Loyers : un bouclier jusqu’à l’été
Le gouvernement a instauré un bouclier loyer visant à freiner les hausses que les propriétaires et bailleurs pourraient être tentés de faire passer. Depuis le 3e trimestre 2022 jusqu’au 30 juin 2023, l’indice de référence des loyers (IRL) est plafonné à 3,5 % en métropole, à 2 % en Corse et à 2,5 % en outre-mer.

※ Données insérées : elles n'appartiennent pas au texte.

lemma skew_left_ideal_eq_lift_multiples:
  assumes "\<And>\<nu> j. j < n \<Longrightarrow> \<not> n dvd j + \<nu> \<Longrightarrow> poly (coeff g \<nu>) (\<alpha> ^ j) = 0"
  shows "skew_left_ideal n \<alpha> g = range (\<lambda>u. skew_mult n \<alpha> (lift_poly u) g)"
proof -
  have "skew_mult n \<alpha> f g = skew_mult n \<alpha> (lift_poly (map_poly (\<lambda>a. poly a 1) f)) g" for f
  proof (rule skew_eqI[OF skew_mult_in_carrier skew_mult_in_carrier])
    fix k j :: nat assume "j < n"
    have evals: "poly (coeff f (k - \<nu>)) (\<alpha> ^ (j + \<nu>)) * poly (coeff g \<nu>) (\<alpha> ^ j) =
        poly (coeff f (k - \<nu>)) 1 * poly (coeff g \<nu>) (\<alpha> ^ j)" for \<nu>
      using assms[of j \<nu>] \<open>j < n\<close> by (cases "n dvd j + \<nu>") (simp_all flip: power_eq_one_iff)
    show "poly (coeff (skew_mult n \<alpha> f g) k) (\<alpha> ^ j) =
        poly (coeff (skew_mult n \<alpha> (lift_poly (map_poly (\<lambda>a. poly a 1) f)) g) k) (\<alpha> ^ j)"
      unfolding poly_coeff_skew_mult by (intro sum.cong refl) (simp add: coeff_map_poly evals)
  qed
  then show ?thesis
    unfolding skew_left_ideal_def using lift_poly_in_carrier by blast
qed

lemma pmap_mult_left: "pmap n (\<lambda>i. u * v i) = skew_mult n \<alpha> (lift_poly u) (pmap n v)"
proof (rule skew_eqI[OF pmap_in_carrier skew_mult_in_carrier])
  fix k j :: nat
  have "coeff (u * v i) k = (\<Sum>\<nu>\<le>k. coeff u (k - \<nu>) * coeff (v i) \<nu>)" for i
    unfolding mult.commute[of u] coeff_mult by (simp add: mult.commute)
  then have "poly (coeff (pmap n (\<lambda>i. u * v i)) k) (\<alpha> ^ j) =
      (\<Sum>i<n. \<Sum>\<nu>\<le>k. coeff u (k - \<nu>) * (coeff (v i) \<nu> * (\<alpha> ^ j) ^ i))"
    by (simp add: poly_coeff_pmap sum_distrib_left sum_distrib_right mult_ac)
  also have "\<dots> = (\<Sum>\<nu>\<le>k. \<Sum>i<n. coeff u (k - \<nu>) * (coeff (v i) \<nu> * (\<alpha> ^ j) ^ i))"
    by (rule sum.swap)
  also have "\<dots> = poly (coeff (skew_mult n \<alpha> (lift_poly u) (pmap n v)) k) (\<alpha> ^ j)"
    by (simp add: poly_coeff_skew_mult poly_coeff_pmap sum_distrib_left)
  finally show "poly (coeff (pmap n (\<lambda>i. u * v i)) k) (\<alpha> ^ j) =
      poly (coeff (skew_mult n \<alpha> (lift_poly u) (pmap n v)) k) (\<alpha> ^ j)" .
qed

lemma poly_coeff_pmap_G_entry:
  "poly (coeff (pmap n (G_entry \<alpha> \<delta>)) k) (\<alpha> ^ j) = (if k \<le> \<delta> \<and> n dvd j + k then of_nat n else 0)"
proof -
  have "\<alpha> ^ (k * i) * (\<alpha> ^ j) ^ i = (\<alpha> ^ (j + k)) ^ i" for i
    by (simp add: power_add power_mult power_mult_distrib)
  then show ?thesis
    by (cases "k \<le> \<delta>") (simp_all add: poly_coeff_pmap coeff_G_entry geometric_sum_powers)
qed

lemma image_pmap_code_C: "pmap n ` code_C n \<alpha> \<delta> = skew_left_ideal n \<alpha> (pmap n (G_entry \<alpha> \<delta>))"
proof -
  have "code_C n \<alpha> \<delta> = range (\<lambda>u i. if i < n then u * G_entry \<alpha> \<delta> i else 0)"
    unfolding code_C_def by blast
  then have "pmap n ` code_C n \<alpha> \<delta> = range (\<lambda>u. pmap n (\<lambda>i. u * G_entry \<alpha> \<delta> i))"
    by (simp add: image_image pmap_restrict)
  also have "\<dots> = range (\<lambda>u. skew_mult n \<alpha> (lift_poly u) (pmap n (G_entry \<alpha> \<delta>)))"
    by (simp add: pmap_mult_left)
  also have "\<dots> = skew_left_ideal n \<alpha> (pmap n (G_entry \<alpha> \<delta>))"
    by (rule skew_left_ideal_eq_lift_multiples[symmetric]) (simp add: poly_coeff_pmap_G_entry)
  finally show ?thesis .
qed

lemma poly_A_red_prod_nontrivial_factors:
  "poly (A_red n (\<Prod>i\<in>{1..<n}. [:- (\<alpha> ^ i), 1:])) (\<alpha> ^ m) = (if n dvd m then of_nat n else 0)"
  unfolding poly_A_red prod_nontrivial_factors
  by (simp add: poly_sum poly_monom geometric_sum_powers)

lemma pmap_G_entry_factorization:
  "pmap n (G_entry \<alpha> \<delta>) = skew_mult n \<alpha> [:A_red n (\<Prod>i\<in>{1..<n}. [:- (\<alpha> ^ i), 1:]):] (zsum \<delta>)"
  by (rule skew_eqI[OF pmap_in_carrier skew_mult_in_carrier])
    (unfold poly_coeff_skew_mult_const_left poly_A_red_prod_nontrivial_factors,
      simp add: poly_coeff_pmap_G_entry coeff_zsum)

lemma poly_coeff_eps_zsum:
  "poly (coeff (skew_mult n \<alpha> [:eps n \<alpha> 0:] (zsum \<delta>)) k) (\<alpha> ^ j) =
     (if k \<le> \<delta> \<and> n dvd j + k then 1 else 0)"
  by (simp add: poly_coeff_skew_mult_const_left poly_eps_0 coeff_zsum)

lemma pmap_G_entry_eq_smult_eps_zsum:
  "pmap n (G_entry \<alpha> \<delta>) = smult [:of_nat n:] (skew_mult n \<alpha> [:eps n \<alpha> 0:] (zsum \<delta>))"
  by (rule skew_eqI[OF pmap_in_carrier smult_const_in_skew_carrier[OF skew_mult_in_carrier]])
    (simp add: poly_coeff_pmap_G_entry poly_coeff_eps_zsum)

lemma skew_left_ideal_eps_zsum:
  "skew_left_ideal n \<alpha> (skew_mult n \<alpha> [:eps n \<alpha> 0:] (zsum \<delta>)) = pmap n ` code_C n \<alpha> \<delta>"
  by (simp add: image_pmap_code_C pmap_G_entry_eq_smult_eps_zsum skew_left_ideal_smult
      of_nat_order_ne_0)

lemma eps_zsum_Suc:
  assumes "Suc (Suc d) \<le> n"
  shows "skew_mult n \<alpha> (skew_mult n \<alpha> [:eps n \<alpha> 0:] (zsum d)) [:1, eps n \<alpha> (n - Suc d):] =
    skew_mult n \<alpha> [:eps n \<alpha> 0:] (zsum (Suc d))"
proof (rule skew_eqI[OF skew_mult_in_carrier skew_mult_in_carrier])
  fix k j :: nat assume "j < n"
  have eps_j: "poly (eps n \<alpha> (n - Suc d)) (\<alpha> ^ j) = (if j = n - Suc d then 1 else 0)"
    using assms \<open>j < n\<close> by (simp add: eps_spec(2))
  have "poly (coeff (skew_mult n \<alpha> (skew_mult n \<alpha> [:eps n \<alpha> 0:] (zsum d))
        [:1, eps n \<alpha> (n - Suc d):]) k) (\<alpha> ^ j) =
      (if k \<le> d \<and> n dvd j + k then 1 else 0) +
      (if 0 < k \<and> k \<le> Suc d \<and> n dvd j + k \<and> j = n - Suc d then 1 else 0)"
    using poly_coeff_eps_zsum[of d "k - 1" "j + 1"]
    by (cases k)
      (simp_all add: poly_coeff_skew_mult_linear_right poly_coeff_eps_zsum eps_j del: power_Suc)
  also have "\<dots> = (if k \<le> Suc d \<and> n dvd j + k then 1 else 0)"
  proof (cases "k \<le> Suc d \<and> n dvd j + k")
    case True
    show ?thesis
    proof (cases "k = 0")
      case False
      then have "j + k = n"
        using True assms \<open>j < n\<close> nat_dvd_iff_eq_of_less_double[of "j + k" n] by auto
      then show ?thesis
        using True False assms by auto
    qed (use True in simp)
  qed auto
  finally show "poly (coeff (skew_mult n \<alpha> (skew_mult n \<alpha> [:eps n \<alpha> 0:] (zsum d))
        [:1, eps n \<alpha> (n - Suc d):]) k) (\<alpha> ^ j) =
      poly (coeff (skew_mult n \<alpha> [:eps n \<alpha> 0:] (zsum (Suc d))) k) (\<alpha> ^ j)"
    by (simp add: poly_coeff_eps_zsum)
qed

lemma eps_zsum_foldl:
  assumes "d \<le> n - 1"
  shows "skew_mult n \<alpha> [:eps n \<alpha> 0:] (zsum d) =
    foldl (skew_mult n \<alpha>) [:eps n \<alpha> 0:] (map (\<lambda>j. [:1, eps n \<alpha> (n - j):]) [1..<d+1])"
  using assms
proof (induction d)
  case 0
  have "[:eps n \<alpha> 0:] \<in> skew_carrier n"
    using eps_spec(1)[of 0] order_pos
    by (auto simp: skew_carrier_def A_carrier_iff coeff_pCons split: nat.split)
  then show ?case
    by (simp add: zsum_def skew_mult_one_right)
next
  case (Suc d)
  have "foldl (skew_mult n \<alpha>) [:eps n \<alpha> 0:] (map (\<lambda>j. [:1, eps n \<alpha> (n - j):]) [1..<Suc d + 1]) =
      skew_mult n \<alpha>
        (foldl (skew_mult n \<alpha>) [:eps n \<alpha> 0:] (map (\<lambda>j. [:1, eps n \<alpha> (n - j):]) [1..<d + 1]))
        [:1, eps n \<alpha> (n - Suc d):]"
    by (simp del: upt_Suc add: upt_Suc_append)
  also have "\<dots> = skew_mult n \<alpha> (skew_mult n \<alpha> [:eps n \<alpha> 0:] (zsum d)) [:1, eps n \<alpha> (n - Suc d):]"
    using Suc by simp
  also have "\<dots> = skew_mult n \<alpha> [:eps n \<alpha> 0:] (zsum (Suc d))"
    using Suc.prems by (intro eps_zsum_Suc) auto
  finally show ?case
    by (rule sym)
qed

end

theorem theorem4p6:
  fixes \<alpha> :: "'a::{field, finite}" and n \<delta> :: nat
  assumes "\<alpha> \<noteq> 0" and "mult_ord \<alpha> = n" and "\<delta> \<le> n - 1"
  shows
    "(\<Sum>\<nu>\<le>\<delta>. monom (\<Sum>i<n. monom (\<alpha> ^ (\<nu> * i)) i) \<nu>)
       = skew_mult n \<alpha> [: A_red n (\<Prod>i\<in>{1..<n}. [:- (\<alpha> ^ i), 1:]) :] (zsum \<delta>)
     \<and> pmap n ` code_C n \<alpha> \<delta>
       = skew_left_ideal n \<alpha> (\<Sum>\<nu>\<le>\<delta>. monom (\<Sum>i<n. monom (\<alpha> ^ (\<nu> * i)) i) \<nu>)
     \<and> skew_mult n \<alpha> [: eps n \<alpha> 0 :] (zsum \<delta>)
       = foldl (skew_mult n \<alpha>) [: eps n \<alpha> 0 :] (map (\<lambda>j. [: 1, eps n \<alpha> (n - j) :]) [1..<\<delta>+1])
     \<and> pmap n ` code_C n \<alpha> \<delta>
       = skew_left_ideal n \<alpha> (skew_mult n \<alpha> [: eps n \<alpha> 0 :] (zsum \<delta>))"
proof -
  interpret primitive_root n \<alpha>
    using primitive_root_mult_ord[OF assms(1)] assms(2) by simp
  show ?thesis
    using pmap_G_entry_factorization[of \<delta>] image_pmap_code_C[of \<delta>]
      eps_zsum_foldl[OF assms(3)] skew_left_ideal_eps_zsum[of \<delta>]
    by (simp add: pmap_G_entry)
qed
(* Assume that $G=\mathbb Z_3^2$ acts on $\mathbb P^2$ (over $\mathbb C$) in such a way that the action is free outside a finite set. Then one can choose generators $g_1,g_2$ of $G$ and homogeneous coordinates $(x_0,x_1,x_2)$ on $\mathbb P^2$ such that $$g_1\colon(x_0,x_1,x_2)\mapsto(x_0,\omega x_1,\omega^2x_2),\qquad g_2\colon(x_0,x_1,x_2)\mapsto(x_1,x_2,x_0),$$ where $\omega\ne1$ is a cube root of $1$.
   Context: The action is by automorphisms of $\mathbb P^2$; "free outside a finite set" means that the set of points with nontrivial stabilizer is finite. *)

theory Defs
  imports "HOL-Analysis.Analysis" "HOL-Library.Numeral_Type"
begin

text \<open>The group G = Z_3^2 is modelled as the additive group of the type 3^2
 (vectors of length 2 over the ring Z/3Z = type 3).
 Points of P^2(C) are modelled as punctured lines {c v | c \<noteq> 0} of nonzero
 vectors v in C^3.  Automorphisms of P^2 are elements of PGL(3,C), i.e.
 invertible 3x3 complex matrices taken up to a nonzero scalar.\<close>

definition proj_pt :: "complex^3 \<Rightarrow> (complex^3) set" where
  "proj_pt v = {c *s v | c. c \<noteq> 0}"

definition proj_eq :: "complex^3^3 \<Rightarrow> complex^3^3 \<Rightarrow> bool" where
  "proj_eq M N \<longleftrightarrow> (\<exists>c::complex. c \<noteq> 0 \<and> M = (\<chi> i j. c * N $ i $ j))"

definition pgl_action :: "(3^2 \<Rightarrow> complex^3^3) \<Rightarrow> bool" where
  "pgl_action \<rho> \<longleftrightarrow> (\<forall>g. invertible (\<rho> g)) \<and> proj_eq (\<rho> 0) (mat 1) \<and>
     (\<forall>g h. proj_eq (\<rho> (g + h)) (\<rho> g ** \<rho> h))"

definition fixes_pt :: "complex^3^3 \<Rightarrow> complex^3 \<Rightarrow> bool" where
  "fixes_pt M v \<longleftrightarrow> (\<exists>c::complex. M *v v = c *s v)"

definition nonfree_points :: "(3^2 \<Rightarrow> complex^3^3) \<Rightarrow> (complex^3) set set" where
  "nonfree_points \<rho> = {proj_pt v | v. v \<noteq> 0 \<and> (\<exists>g. g \<noteq> 0 \<and> fixes_pt (\<rho> g) v)}"

definition diag_omega :: "complex \<Rightarrow> complex^3^3" where
  "diag_omega \<omega> = (\<chi> i j. if i = j then (if i = 0 then 1 else if i = 1 then \<omega> else \<omega>^2) else 0)"
(* Let $\mathcal{R}$ be the involutive system $u_{ij}=f_{ij}(x^1,x^2,x^3,u,u_i,u_j)$, $1\le i<j\le 3$, with infinite prolongation $\mathcal{R}^\infty$, characteristic vector fields $X_i=D_i$, rescaled contact form $\Theta=\mu\theta$, and characteristic coframe forms $\xi_j^k=X_j^k(\Theta)$. Then for every $k\ge 1$ and every $i\neq j$ in $\{1,2,3\}$, the form $X_i(\xi_j^k)$, restricted to $\mathcal{R}^\infty$, has adapted order less than or equal to $k$.
   Context: Setting: $U\subset\mathbb{R}^3$ open connected, $E=U\times(a,b)\to U$ trivial bundle with coordinates $(x^1,x^2,x^3,u)$, $J^\infty(E)$ its infinite jet bundle with coordinates $x^i,u,u_I$ and contact forms $\theta_I=du_I-\sum_{j}u_{Ij}dx^j$ (write $\theta=\theta_\emptyset=du-\sum_i u_i dx^i$). $\mathcal{R}$ is the system $F_{ij}:=u_{ij}-f_{ij}(x^1,x^2,x^3,u,u_i,u_j)=0$, $1\le i<j\le 3$, with $f_{ij}$ smooth and satisfying the integrability conditions $D_kf_{ij}=D_if_{kj}$ for distinct $i,j,k$ (so the system is involutive). $\mathcal{R}^\infty\subset J^\infty(E)$ is its infinite prolongation (locus where all $F_{ij}$ and all their total derivatives vanish), with coordinates $(x^i,u,u_i,u_{ii},\dots,u_{i^k},\dots)$. $D_i$ denotes the total derivative restricted to $\mathcal{R}^\infty$; these commute, and $X_i:=D_i$, $\sigma_i:=dx^i$. Forms on $\mathcal{R}^\infty$ are bigraded, $\Omega^{r,s}$ = forms of horizontal degree $r$ (in $dx^i$) and contact degree $s$; $d=d_H+d_V$. For a total vector field $X$ and $\omega\in\Omega^{r,s}$, $X(\omega)$ denotes the projected Lie derivative $\pi^{r,s}(\mathcal{L}_X\omega)$; one has $X_j(\theta_I)=\theta_{Ij}$ and $d_H\omega=\sum_i\sigma_i\wedge X_i(\omega)$. Applying $d_V$ to $F_{ij}=0$ gives on $\mathcal{R}^\infty$: $X_iX_j(\theta)+a^i_{ij}X_i(\theta)+a^j_{ij}X_j(\theta)+c_{ij}\theta=0$ with $a^i_{ij}=\partial F_{ij}/\partial u_i$, $a^j_{ij}=\partial F_{ij}/\partial u_j$, $c_{ij}=\partial F_{ij}/\partial u$. For a nonvanishing function $\mu$ on $\mathcal{R}^\infty$ set $\Theta=\mu\theta$. Define $\xi_i^k=X_i^k(\Theta)$ for $i=1,2,3$, $k\ge1$. A form on $\mathcal{R}^\infty$ has adapted order $\le k$ if it lies in the exterior algebra generated over $C^\infty(\mathcal{R}^\infty)$ by $\{\sigma_1,\sigma_2,\sigma_3,\Theta,\xi_1^1,\xi_2^1,\xi_3^1,\dots,\xi_1^k,\xi_2^k,\xi_3^k\}$; its adapted order is the minimal such $k$. *)

theory Defs
  imports "HOL-Analysis.Analysis"
begin

text \<open>Jet coordinates on the infinite prolongation R^infinity of the system
  u_ij = f_ij(x,u,u_i,u_j), 1 <= i < j <= 3 (directions indexed by the type 3).
  Vertical (fibre) coordinates: Uc is u, Dc i m is the pure derivative u_{i^(m+1)}.\<close>

datatype vc = Uc | Dc "3" nat
datatype jc = Xc "3" | Vc vc
lemma L_lambda_max_le_iff:
  assumes "0 < N"
  shows "lambda_max (L w) \<le> l \<longleftrightarrow> (\<forall>x\<in>carrier_vec N. \<forall>y\<in>carrier_vec N.
           x \<bullet> (L1 *\<^sub>v x) + y \<bullet> (L2 *\<^sub>v y) + (\<Sum>i<N. w i * (x $ i - y $ i)\<^sup>2) \<le> l * (x \<bullet> x + y \<bullet> y))"
proof -
  have split: "(\<forall>z\<in>carrier_vec (N + N). P z) \<longleftrightarrow> (\<forall>x\<in>carrier_vec N. \<forall>y\<in>carrier_vec N. P (x @\<^sub>v y))" for P
    by (metis append_carrier_vec vec_first_carrier vec_first_last_append vec_last_carrier)
  have "0 < N + N" using assms by simp
  have "lambda_max (L w) \<le> l \<longleftrightarrow> (\<forall>z\<in>carrier_vec (N + N). z \<bullet> (L w *\<^sub>v z) \<le> l * (z \<bullet> z))"
    by (rule lambda_max_le_iff[OF L_carrier L_symmetric \<open>0 < N + N\<close>])
  also have "\<dots> \<longleftrightarrow> (\<forall>x\<in>carrier_vec N. \<forall>y\<in>carrier_vec N.
      (x @\<^sub>v y) \<bullet> (L w *\<^sub>v (x @\<^sub>v y)) \<le> l * ((x @\<^sub>v y) \<bullet> (x @\<^sub>v y)))"
    by (rule split)
  finally show ?thesis by (simp add: L_quadratic_form scalar_prod_append)
qed

end

section \<open>Concentrating the budget at a nodal vertex\<close>

lemma real_continuation:
  fixes P :: "real \<Rightarrow> bool"
  assumes P0: "P 0" and "0 \<le> b"
    and down: "\<And>c c'. P c \<Longrightarrow> 0 \<le> c' \<Longrightarrow> c' \<le> c \<Longrightarrow> P c'"
    and closed: "\<And>c. 0 < c \<Longrightarrow> (\<And>c'. 0 \<le> c' \<Longrightarrow> c' < c \<Longrightarrow> P c') \<Longrightarrow> P c"
    and step: "\<And>c. 0 \<le> c \<Longrightarrow> c < b \<Longrightarrow> P c \<Longrightarrow> \<exists>c'>c. P c'"
  shows "P b"
proof (rule ccontr)
  assume not_b: "\<not> P b"
  define S where "S = {c. 0 \<le> c \<and> P c}"
  have below_b: "c < b" if "c \<in> S" for c
    using that not_b down[of c b] \<open>0 \<le> b\<close> unfolding S_def by force
  have "0 \<in> S" using P0 by (simp add: S_def)
  have bdd: "bdd_above S" using below_b by (meson bdd_above.I less_imp_le)
  define s where "s = Sup S"
  have "0 \<le> s" unfolding s_def using \<open>0 \<in> S\<close> bdd by (rule cSup_upper)
  have "P s"
  proof (cases "s = 0")
    case False
    show ?thesis
    proof (rule closed)
      show "0 < s" using False \<open>0 \<le> s\<close> by simp
      fix c' assume "0 \<le> c'" "c' < s"
      then obtain c where "c \<in> S" "c' < c" using less_cSup_iff[OF _ bdd] \<open>0 \<in> S\<close> unfolding s_def by blast
      then show "P c'" using down \<open>0 \<le> c'\<close> unfolding S_def by force
    qed
  qed (use P0 in simp)
  then have "s < b" using below_b \<open>0 \<le> s\<close> by (simp add: S_def)
  then obtain c' where "c' > s" "P c'" using step \<open>0 \<le> s\<close> \<open>P s\<close> by blast
  then have "c' \<in> S" using \<open>0 \<le> s\<close> by (simp add: S_def)
  then have "c' \<le> s" unfolding s_def using bdd by (rule cSup_upper)
  with \<open>c' > s\<close> show False by simp
qed
theorem mainTheorem12:
  fixes L :: "'a list set"
  assumes "regular L"
  shows "context_free (bdr_lang L)"
proof -
  obtain T :: "(nat list \<times> 'a option \<times> nat list) set" and i f
    where "finite T" and L: "L = {w. path T i w f}"
    using regular_enfa[OF assms] .
  then have "finite (bdr_prods T f)" and "cfg_lang (bdr_prods T f) (nt_bdr i) = bdr_lang L"
    by (simp_all add: finite_bdr_prods bdr_prods_lang bdr_lang_def)
  then show ?thesis unfolding context_free_def by blast
qed

end
lemma card_neighbours_eq:
  assumes "sgraph V E"
  shows "card (neighbours E v) = card {e \<in> E. v \<in> e}"
proof -
  have "(\<lambda>x. {v, x}) ` neighbours E v = {e \<in> E. v \<in> e}"
  proof
    show "{e \<in> E. v \<in> e} \<subseteq> (\<lambda>x. {v, x}) ` neighbours E v"
    proof
      fix e assume e: "e \<in> {e \<in> E. v \<in> e}"
      then obtain a b where "e = {a, b}"
        using assms unfolding sgraph_def by (auto simp: card_2_iff)
      then have "e = {v, if a = v then b else a}" using e by auto
      then show "e \<in> (\<lambda>x. {v, x}) ` neighbours E v" using e unfolding neighbours_def by auto
    qed
  qed (auto simp: neighbours_def)
  moreover have "inj_on (\<lambda>x. {v, x}) (neighbours E v)"
    by (auto simp: inj_on_def doubleton_eq_iff)
  ultimately show ?thesis by (metis card_image)
qed

lemma sum_card_neighbours:
  assumes sg: "sgraph V E"
  shows "(\<Sum>v\<in>V. card (neighbours E v)) = 2 * card E"
proof -
  have fV: "finite V" using sg sgraph_def by blast
  have "(\<Sum>v\<in>V. card (neighbours E v)) = (\<Sum>v\<in>V. \<Sum>e\<in>E. if v \<in> e then 1 else 0)"
    using card_neighbours_eq[OF sg] sgraph_finite_edges[OF sg]
    by (simp add: sum.inter_filter[symmetric])
  also have "\<dots> = (\<Sum>e\<in>E. \<Sum>v\<in>V. if v \<in> e then 1 else 0)" by (rule sum.swap)
  also have "\<dots> = (\<Sum>e\<in>E. card e)"
  proof (rule sum.cong)
    fix e assume "e \<in> E"
    then have "{v \<in> V. v \<in> e} = e" using sg unfolding sgraph_def by blast
    then show "(\<Sum>v\<in>V. if v \<in> e then 1 else 0) = card e"
      using sum.inter_filter[OF fV, of "\<lambda>_. 1::nat" "\<lambda>v. v \<in> e"] by simp
  qed simp
  also have "\<dots> = (\<Sum>e\<in>E. 2)" using sg sgraph_def by (intro sum.cong) auto
  finally show ?thesis by simp
qed

lemma star_E_doubleton_iff:
  "{a, b} \<in> star_E p \<longleftrightarrow> (a = 0 \<and> b \<in> {1..p}) \<or> (b = 0 \<and> a \<in> {1..p})"
  unfolding star_E_def by (auto simp: doubleton_eq_iff)

lemma star_copyI:
  assumes sg: "sgraph V E" and "c \<in> V" and S: "S \<subseteq> neighbours E c" "card S = p"
  shows "(insert c S, {{c, x} | x. x \<in> S}) \<in> copies V E (star_V p) (star_E p)"
proof -
  have fS: "finite S" and cS: "c \<notin> S"
    using S finite_neighbours[OF sg] neighbours_subset[OF sg] finite_subset by blast+
  obtain g where g: "bij_betw g S {1..p}"
    using finite_same_card_bij[OF fS, of "{1..p}"] S by auto
  define f where "f x = (if x = c then 0 else g x)" for x
  have fS': "bij_betw f S {1..p}"
    using g cS by (subst bij_betw_cong[where g = g]) (auto simp: f_def)
  then have f_leaf: "x \<in> insert c S \<Longrightarrow> f x \<in> {1..p} \<longleftrightarrow> x \<in> S" for x
    using cS by (auto simp: f_def bij_betw_def)
  have f_centre: "x \<in> insert c S \<Longrightarrow> f x = 0 \<longleftrightarrow> x = c" for x
    using g unfolding f_def bij_betw_def by force
  have "bij_betw f (S \<union> {c}) ({1..p} \<union> {f c})"
    using notIn_Un_bij_betw[OF cS _ fS'] by (simp add: f_def)
  moreover have "{1..p} \<union> {f c} = {0..p}" by (auto simp: f_def)
  ultimately have "bij_betw f (insert c S) {0..p}" by simp
  moreover have "{x, y} \<in> {{c, x} | x. x \<in> S} \<longleftrightarrow> {f x, f y} \<in> star_E p"
    if "x \<in> insert c S" "y \<in> insert c S" for x y
    unfolding star_E_doubleton_iff f_leaf[OF that(1)] f_leaf[OF that(2)]
      f_centre[OF that(1)] f_centre[OF that(2)]
    using cS by (auto simp: doubleton_eq_iff)
  moreover have "sgraph (insert c S) {{c, x} | x. x \<in> S}"
    unfolding sgraph_def using fS cS by (auto simp: card_insert_if)
  moreover have "insert c S \<subseteq> V" "{{c, x} | x. x \<in> S} \<subseteq> E"
    using \<open>c \<in> V\<close> S(1) neighbours_subset[OF sg] unfolding neighbours_def by auto
  ultimately show ?thesis unfolding copies_def graph_iso_def star_V_def by blast
qed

Forfait téléphone, streaming…
Les opérateurs de téléphonie ont d’ores et déjà annoncé des hausses sur leurs forfaits pour 2023. Concernant les abonnements de streaming vidéo, surveillez vos factures et méfiez-vous des offres d’abonnements low cost, qui risquent de susciter des déconvenues si vous aviez auparavant bénéficié du service normal.
Méthodologie
Que Choisir évalue le taux d’inflation mois par mois, à partir de ses propres observations. Pour près de 40 % des dépenses de consommation, nous disposons de données permettant d’évaluer des variations mensuelles de prix, basées sur nos relevés effectués en grandes surfaces (pour l’alimentation, la boisson et l’hygiène-beauté), ainsi que sur les offres tarifaires tirées de nos comparateurs de prix (énergie, carburants, mutuelles, forfaits mobiles, fournisseurs d’accès à Internet, assurances habitation, banques, équipements électroménagers). Chaque prix est ensuite pondéré par la fréquence d’achat et agrégé dans une moyenne générale.
Pour les autres postes de dépenses (loyer, dépenses de logement et de transport, hôtels et restauration, loisirs, habillement et santé), Que Choisir se réfère aux évaluations de l’Insee.
Attention : par convention, les variations de prix sur une période (par exemple pour le mois de mai 2022) sont calculées par rapport à la même période de l’année précédente (le mois de mai 2021). Ceci afin de s’affranchir des mouvements saisonniers des tarifs (par exemple ceux des fruits et légumes, très dépendants de la saison et des conditions de récolte).